On the data front, Swiss unemployment fell once again in line with expectations as the job market continues to recover. French finances came in better than expected returning to a narrowing trend after blowing out in May. Italian industrial production was softer than expected and GDP came out in line with forecasts. UK data on the whole came in softer, with industrial production contracting sharply amid expectations of a modest expansion, manufacturing production was weaker and PPI input contracted more than expected.

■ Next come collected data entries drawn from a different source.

(* Let $\mathcal{H}_O\simeq\mathbb{C}^{d_O}$ and $\mathcal{H}_R\simeq\mathbb{C}^{d_R}$. Let $H_R=\sum_{m=1}^{d_R}\lambda_m^{\uparrow}|\xi_m\rangle\langle\xi_m|$ with $\lambda_1^\uparrow\leqslant\dots\leqslant\lambda_{d_R}^\uparrow$ and $\{|\xi_m\rangle\}$ an orthonormal basis of $\mathcal{H}_R$; let $\beta\in(0,\infty)$ and $\rho_R(\beta)=e^{-\beta H_R}/\mathrm{tr}[e^{-\beta H_R}]=\sum_m r_m^{\downarrow}|\xi_m\rangle\langle\xi_m|$. Let $\rho_O=\sum_{l=1}^{d_O}o_l^{\downarrow}|\varphi_l\rangle\langle\varphi_l|$ be a density operator on $\mathcal{H}_O$ with $o_1^\downarrow\geqslant\dots\geqslant o_{d_O}^\downarrow$ and $\{|\varphi_l\rangle\}$ an orthonormal basis. Write $\rho=\rho_O\otimes\rho_R(\beta)=\sum_{n=1}^{d_Od_R}p_n^{\downarrow}|\psi_n\rangle\langle\psi_n|$, where $(p_n^\downarrow)_n$ is the non-increasing rearrangement of $(o_l^\downarrow r_m^\downarrow)_{l,m}$ and $(|\psi_n\rangle)_n$ the correspondingly rearranged family $(|\varphi_l\rangle\otimes|\xi_m\rangle)_{l,m}$. For a unitary $U$ on $\mathcal{H}_O\otimes\mathcal{H}_R$, let $\rho'=U\rho U^\dagger$, $p(\varphi_1|\rho_O')=\langle\varphi_1|\mathrm{tr}_R[\rho']|\varphi_1\rangle$, and $\Delta Q(U)=\mathrm{tr}[H_R(\mathrm{tr}_O[\rho']-\rho_R(\beta))]$; let $p_{\varphi_1}^{\max}=\sum_{m=1}^{d_R}p_m^\downarrow$ (the maximum of $p(\varphi_1|\rho_O')$ over all unitaries). Suppose $U_{\mathrm{opt}}(0)$ is a unitary such that (i) $U_{\mathrm{opt}}(0)|\psi_m\rangle=|\varphi_1\rangle\otimes|\xi_m\rangle$ for all $m\in\{1,\dots,d_R\}$, and (ii) for each $m\in\{1,\dots,d_R\}$ there is an orthonormal family $\{|\varphi_l^m\rangle\}_{l=1}^{d_O-1}$ in $\mathcal{H}_O$, each member orthogonal to $|\varphi_1\rangle$, with $U_{\mathrm{opt}}(0)|\psi_{d_R+(m-1)(d_O-1)+l}\rangle=|\varphi_l^m\rangle\otimes|\xi_m\rangle$ for all $l\in\{1,\dots,d_O-1\}$. Then $U_{\mathrm{opt}}(0)$ attains $p(\varphi_1|\rho_O')=p_{\varphi_1}^{\max}$, and $\Delta Q(U_{\mathrm{opt}}(0))\leqslant\Delta Q(V)$ for every unitary $V$ on $\mathcal{H}_O\otimes\mathcal{H}_R$ that also attains $p(\varphi_1|\mathrm{tr}_R[V\rho V^\dagger])=p_{\varphi_1}^{\max}$.
   Context: $\mathrm{tr}_O,\mathrm{tr}_R$ denote partial traces over $\mathcal{H}_O$ and $\mathcal{H}_R$. In the paper the rules (i),(ii) are phrased by partitioning $(p_n^\downarrow)$ into the block $\Pi_0=(p_1^\downarrow,\dots,p_{d_R}^\downarrow)$ and blocks $\Pi_m=(p^\downarrow_{d_R+(m-1)(d_O-1)+l})_{l=1}^{d_O-1}$, $m\geqslant1$. *)

theory Defs
  imports "HOL-Analysis.Analysis"
begin

text \<open>Finite-dimensional quantum mechanics with type-indexed dimensions:
  H_O = complex^'o, H_R = complex^'r, H_O (x) H_R = complex^('o \<times> 'r).\<close>

definition cinner_vec :: "complex^'n \<Rightarrow> complex^'n \<Rightarrow> complex" where
  "cinner_vec x y = (\<Sum>i\<in>UNIV. cnj (x$i) * y$i)"

definition ketbra :: "complex^'n \<Rightarrow> complex^'m \<Rightarrow> complex^'m^'n" where
  "ketbra x y = (\<chi> i j. x$i * cnj (y$j))"

definition orthonormal_on :: "nat set \<Rightarrow> (nat \<Rightarrow> complex^'n) \<Rightarrow> bool" where
  "orthonormal_on I f \<longleftrightarrow>
     (\<forall>i\<in>I. \<forall>j\<in>I. cinner_vec (f i) (f j) = (if i = j then 1 else 0))"

definition adj :: "complex^'n^'m \<Rightarrow> complex^'m^'n" where
  "adj A = (\<chi> i j. cnj (A$j$i))"

definition unitary_mat :: "complex^'n^'n \<Rightarrow> bool" where
  "unitary_mat U \<longleftrightarrow> adj U ** U = mat 1 \<and> U ** adj U = mat 1"

definition smat :: "complex \<Rightarrow> complex^'n^'m \<Rightarrow> complex^'n^'m" where
  "smat c A = (\<chi> i j. c * A$i$j)"

definition tensor_vec :: "complex^'a \<Rightarrow> complex^'b \<Rightarrow> complex^('a::finite \<times> 'b::finite)" where
  "tensor_vec x y = (\<chi> ij. x$(fst ij) * y$(snd ij))"

definition tensor_mat :: "complex^'a^'a \<Rightarrow> complex^'b^'b \<Rightarrow> complex^('a::finite \<times> 'b::finite)^('a \<times> 'b)" where
  "tensor_mat A B = (\<chi> ij kl. A$(fst ij)$(fst kl) * B$(snd ij)$(snd kl))"

definition ptrace_R :: "complex^('a::finite \<times> 'b::finite)^('a \<times> 'b) \<Rightarrow> complex^'a^'a" where
  "ptrace_R A = (\<chi> i j. \<Sum>k\<in>UNIV. A$(i,k)$(j,k))"

definition ptrace_O :: "complex^('a::finite \<times> 'b::finite)^('a \<times> 'b) \<Rightarrow> complex^'b^'b" where
  "ptrace_O A = (\<chi> i j. \<Sum>k\<in>UNIV. A$(k,i)$(k,j))"

fun mpow :: "complex^'n^'n \<Rightarrow> nat \<Rightarrow> complex^'n^'n" where
  "mpow A 0 = mat 1"
| "mpow A (Suc k) = A ** mpow A k"

definition mexp :: "complex^'n^'n \<Rightarrow> complex^'n^'n" where
  "mexp A = (\<Sum>k. (1 / fact k) *\<^sub>R mpow A k)"

definition gibbs :: "real \<Rightarrow> complex^'n^'n \<Rightarrow> complex^'n^'n" where
  "gibbs \<beta> H = smat (inverse (trace (mexp ((- \<beta>) *\<^sub>R H)))) (mexp ((- \<beta>) *\<^sub>R H))"

end

theory Submission
  imports Defs
begin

Looking ahead, German industrial production (0.5% expected) is due at 10:00GMT followed by Canadian unemployment rate (7.9% expected) at 11:00GMT.Before attention turns to the US employment data due out at 12:30GMT and forecasts for Non-farmpayrolls looking for a 65K drop. Later in the session is Canadian Ivey PMI (55.5 expected) at 14:00GMT wrapping things up for the session. US equity futures and commodities are trading flat.
GRAPHIC REWIND

TECHS
EUR/USD: Looks to have finally stalled out to end a sequence of 9 consecutive daily higher lows after the market failed to extend to fresh multi-day highs beyond 1.3260 and reversed sharply back below Tuesday’s low. The daily RSI has now crossed down from overbought and deeper setbacks are now favored into initial support by the 10-Day SMA and rising trend-line support by 1.3100 at a minimum with an acceleration seen on a sustained break below towards 1.2700. Only back above 1.3260 negates and gives reason for pause.

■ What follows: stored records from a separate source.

theorem corollary2:
  fixes k :: nat
    and a :: "nat \<Rightarrow> real"
    and f :: "real^'p \<Rightarrow> real^'p"
    and M :: "nat \<Rightarrow> real^'p \<Rightarrow> real^'p"
    and u :: "real^'p"
    and eta :: "real^'p \<Rightarrow> real"
    and A0 D OmInv :: "real^'p^'p"
    and \<epsilon> \<omega> :: real
  defines "m2 \<equiv> (\<lambda>v. \<Sum>i<k. (a i)\<^sup>2 *\<^sub>R M i v)"
  assumes k_pos: "k \<ge> 1"
    and f_diff: "\<And>v. f differentiable (at v)"
    and M_diff: "\<And>i v. i < k \<Longrightarrow> M i differentiable (at v)"
    and M_sum: "\<And>v. (\<Sum>i<k. M i v) = v"
    and M_flux: "\<And>v. (\<Sum>i<k. a i *\<^sub>R M i v) = f v"
    and eta_convex: "strictly_convex_on UNIV eta"
    and eta_diff: "\<And>v. eta differentiable (at v)"
    and eta_twice: "gradient_vec eta differentiable (at u)"
    and A0_def: "A0 = hessian eta u"
    and A0_inv: "invertible A0"
    and sym_f: "sym_mat (A0 ** jacobian f (at u))"
    and pd_M: "\<And>i. i < k \<Longrightarrow> pos_def_sym (A0 ** jacobian (M i) (at u))"
    and subchar: "Min ((\<lambda>i. \<bar>a i\<bar>) ` {..<k}) > spectral_radius (jacobian f (at u))"
    and D_sym: "sym_mat (D ** matrix_inv A0)"
    and D_pos: "\<And>lam. is_eigenvalue (D ** matrix_inv A0) lam \<Longrightarrow> Im lam = 0 \<and> Re lam > 0"
    and eps_pos: "\<epsilon> > 0"
    and omega_pos: "\<omega> > 0"
    and Omega_def: "(\<epsilon> * \<omega>) *\<^sub>R OmInv =
        D ** matrix_inv (jacobian m2 (at u) - jacobian f (at u) ** jacobian f (at u))"
  shows "\<forall>lam. is_eigenvalue (\<epsilon> *\<^sub>R OmInv) lam \<longrightarrow> Im lam = 0 \<and> Re lam \<ge> 0"
proof -
  define J where "J = jacobian f (at u)"
  define Ji where "Ji i = jacobian (M i) (at u)" for i
  define B where "B = jacobian m2 (at u) - J ** J"
  have moments: "(\<Sum>i<k. Ji i) = mat 1" "J = (\<Sum>i<k. a i *\<^sub>R Ji i)"
    "jacobian m2 (at u) = (\<Sum>i<k. (a i)\<^sup>2 *\<^sub>R Ji i)"
    using jacobian_moments[OF M_diff M_sum M_flux] by (simp_all add: Ji_def J_def m2_def)
  have "pos_def_sym (A0 ** B)"
    unfolding B_def using k_pos pd_M subchar
    by (intro pos_def_sym_moment_defect[OF _ moments]) (simp_all add: Ji_def J_def)
  moreover have "sym_mat A0"
    by (rule sym_mat_if_partition_of_unity[OF moments(1)])
      (use pd_M in \<open>simp add: Ji_def pos_def_sym_def\<close>)
  ultimately have Q_pd: "pos_def_sym (A0 ** matrix_inv B)"
    by (intro pos_def_sym_mult_matrix_inv)
  have P_pd: "pos_def_sym (D ** matrix_inv A0)"
    using D_sym D_pos by (rule sym_mat_pos_eigenvalues_imp_pos_def_sym)
  have "(D ** matrix_inv A0) ** (A0 ** matrix_inv B) = D ** (matrix_inv A0 ** A0) ** matrix_inv B"
    by (simp only: matrix_mul_assoc)
  also have "\<dots> = (\<epsilon> * \<omega>) *\<^sub>R OmInv"
    by (simp add: matrix_inv_left[OF A0_inv] Omega_def B_def J_def)
  finally have "\<epsilon> *\<^sub>R OmInv = (1 / \<omega>) *\<^sub>R ((D ** matrix_inv A0) ** (A0 ** matrix_inv B))"
    using omega_pos by simp
  then show ?thesis
    using omega_pos P_pd Q_pd is_eigenvalue_scaled_mult_pos_def_sym[of "1 / \<omega>"] by auto
qed

end
(* Assume $f$ satisfies (A1), (A2), (A3), (A4) with $k=1$, let $\bar\lambda_1=\lambda+2\tau_1\mathsf D$, and assume $$200\min\{\mu,(\bar\lambda_1\rho_1)^{1/2}\}\,\mathsf D\le\varepsilon.$$ Let $x_0\in X$, $\hat y\in Y$. Run Algorithm 2 with $\gamma_x=\frac{1}{3\bar\lambda_1+\mu^2/\rho_1}$, $\mathsf{Coupled}=\mathbb 1\{\mu\ge(\bar\lambda_1\rho_1)^{1/2}\}$, $\gamma_y=1/\rho_1$ if $\mathsf{Coupled}=1$, and $$T\ge\Big(3+\frac{\mu^2}{\bar\lambda_1\rho_1}\Big)\Big(\frac{700\bar\lambda_1\Delta}{\varepsilon^2}+1\Big)$$ iterations, where $\Delta=\varphi(x_0)-\min_{x\in X}\varphi(x)$. Then the output $x^*\in X$ satisfies $\|\nabla\varphi_{2\bar\lambda_1}(x^* )\|\le\varepsilon$.
   Context: Let $E_x,E_y$ be finite-dimensional Euclidean spaces with Euclidean norms $\|\cdot\|$ (operator norms for tensors). Let $X\subseteq E_x$, $Y\subseteq E_y$ be convex with nonempty interior, $Y$ compact, $\mathsf D\ge\mathrm{diam}(Y)$. Let $f:X\times Y\to\mathbb R$ and $\varphi(x)=\max_{y\in Y}f(x,y)$. (A1) $\nabla_x f$ exists and $\|\nabla_x f(x',y')-\nabla_x f(x,y)\|\le\lambda\|x'-x\|+\mu\|y'-y\|$ for all $x,x'\in X,y,y'\in Y$ ($\lambda>0,\mu\ge0$). (A2) with $k=1$: $\nabla_y f$ exists and $\|\nabla_y f(x',y')-\nabla_y f(x,y)\|\le\rho_1\|y'-y\|+\sigma_1\|x'-x\|$. (A3) with $k=1$: $\nabla^2_{xy}f$ exists and $\|\nabla^2_{xy}f(x',y)-\nabla^2_{xy}f(x,y)\|\le\tau_1\|x'-x\|$. (A4) with $k=1$: with $Y'_x$ the set of $y\in Y$ at which the third-order partial derivative tensor $\nabla^3_{xxy}f(x,y)$ does not exist, the set $\{(x,y):x\in X,y\in Y'_x\}$ is Lebesgue measurable. For a weakly convex $\phi:X\to\mathbb R$ (i.e. $\phi+\frac{c}{2}\|\cdot\|^2$ convex for some $c<\bar\lambda$), its Moreau envelope is $\phi_{\bar\lambda}(x)=\min_{u\in X}\{\phi(u)+\frac{\bar\lambda}2\|u-x\|^2\}$. $\Pi_X,\Pi_Y$ denote Euclidean projections. Algorithm 2 (input $x_0\in X$, $\hat y\in Y$, $\gamma_x>0$, $T$, $\mathsf{Coupled}\in\{0,1\}$, $\gamma_y>0$): set $x^*=x_0$, $\varepsilon^*=+\infty$. For $t=0,\dots,T-1$: if $\mathsf{Coupled}=1$, set $y_t=\Pi_Y[\hat y+\gamma_y\nabla_y f(x_t,\hat y)]$ and $\tilde x_{t+1}=x_t-\gamma_x[\nabla_x f(x_t,\hat y)+\nabla^2_{xy}f(x_t,\hat y)(y_t-\hat y)]$; otherwise choose $y_t\in\operatorname{Argmax}_{y\in Y}\langle\nabla_y f(x_t,\hat y),y\rangle$ and set $\tilde x_{t+1}=x_t-\gamma_x\nabla_x f(x_t,y_t)$. Then $x_{t+1}=\Pi_X[\tilde x_{t+1}]$, $\varepsilon_t^2=\frac1{\gamma_x^2}\|\tilde x_{t+1}-x_t\|^2-\frac1{\gamma_x^2}\|\tilde x_{t+1}-x_{t+1}\|^2$, and if $\varepsilon_t<\varepsilon^*$ set $x^*=x_t$, $\varepsilon^*=\varepsilon_t$. Output $x^*$. *)

theory Defs
  imports "HOL-Analysis.Analysis"
begin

USD/JPY: Setbacks have finally stalled out just shy of the critical multi-year lows by 84.80, with the market putting in a solid positive close on Wednesday trade. However, the pressure still remains on the downside, and at this point we would be surprised to not see the 84.80 level taken out. Our medium-term and longer-term view is net bullish so once this level is take out we would recommend looking to be buyers. In the interim, a break back above 87.00 would be required at a minimum to relieve downside pressures.
GBP/USD: The daily RSI is looking to cross down from overbought readings and a bearish reversal day on Wednesday following 9 consecutive positive closes helps to strengthen the likelihood for some additional corrective declines over the coming sessions. There is no real support until the 1.5685-1.5710 area, and we would expect to see this area tested at a minimum before even considering the prospects for bullish continuation. However, it is also possible that a material top is now being carved out ahead of a much more significant decline. Ultimately, only a break back above 1.5970 would delay outlook.

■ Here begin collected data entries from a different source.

(* Let $(X,d)$ be a compact metric space and $f\colon X\to X$ a continuous map. Assume that for some $k\in\mathbb N$ there are closed sets $Z_1,\dots,Z_k\subseteq X$ with $f(Z_i)\subseteq Z_i$ for each $i$, such that (1) $X=Z_1\cup\dots\cup Z_k$; (2) $Z_i\cap Z_j\ne\emptyset$ for all $i,j$; (3) $f|_{Z_i}\colon Z_i\to Z_i$ is strongly mixing for every $i$. Then $f$ is generically $\varepsilon$-chaotic for every $0<\varepsilon<\frac12\min_i\operatorname{diam} Z_i$.
   Context: A pair $(x,y)\in X^2$ is $\varepsilon$-scrambled if $\liminf_n d(f^n(x),f^n(y))=0$ and $\limsup_n d(f^n(x),f^n(y))>\varepsilon$; $f$ is generically $\varepsilon$-chaotic if the set of $\varepsilon$-scrambled pairs is residual in $X^2$. A map $g\colon Y\to Y$ is strongly mixing if for all nonempty open $U,V\subseteq Y$ there is $n_0$ with $g^n(U)\cap V\ne\emptyset$ for all $n\ge n_0$. *)

theory Defs
  imports "HOL-Analysis.Analysis"
begin

definition residual_in :: "'a topology \<Rightarrow> 'a set \<Rightarrow> bool" where
  "residual_in T R \<longleftrightarrow>
     (\<exists>\<F>. countable \<F> \<and> (\<forall>U\<in>\<F>. openin T U \<and> T closure_of U = topspace T)
          \<and> topspace T \<inter> \<Inter>\<F> \<subseteq> R)"

definition scrambled_pair :: "('a::metric_space \<Rightarrow> 'a) \<Rightarrow> real \<Rightarrow> 'a \<Rightarrow> 'a \<Rightarrow> bool" where
  "scrambled_pair f eps x y \<longleftrightarrow>
     liminf (\<lambda>n. ereal (dist ((f ^^ n) x) ((f ^^ n) y))) = 0 \<and>
     limsup (\<lambda>n. ereal (dist ((f ^^ n) x) ((f ^^ n) y))) > ereal eps"

definition generically_chaotic :: "'a::metric_space set \<Rightarrow> ('a \<Rightarrow> 'a) \<Rightarrow> real \<Rightarrow> bool" where
  "generically_chaotic X f eps \<longleftrightarrow>
     residual_in (top_of_set (X \<times> X)) {(x,y) \<in> X \<times> X. scrambled_pair f eps x y}"

definition strongly_mixing_on :: "'a::topological_space set \<Rightarrow> ('a \<Rightarrow> 'a) \<Rightarrow> bool" where
  "strongly_mixing_on Y g \<longleftrightarrow>
     (\<forall>U V. openin (top_of_set Y) U \<and> U \<noteq> {} \<and> openin (top_of_set Y) V \<and> V \<noteq> {} \<longrightarrow>
        (\<exists>n0. \<forall>n\<ge>n0. (g ^^ n) ` U \<inter> V \<noteq> {}))"

end

theory Submission
  imports Defs
begin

USD/CHF: Continues to chop around after being very well supported on dips into the mid 1.0300’s. Wednesday’s bullish price action strengthens basing prospects and could open additional upside back towards 1.0640-80 over the coming sessions. Ultimately, the overall structure is still net bearish and a break back above 1.0680 would be required to relieve downside pressures.
FLOWS
Swiss name on the bid in Cable and a German bank on the offer. An ACB and local accounts buying Usd/Cad on the dips.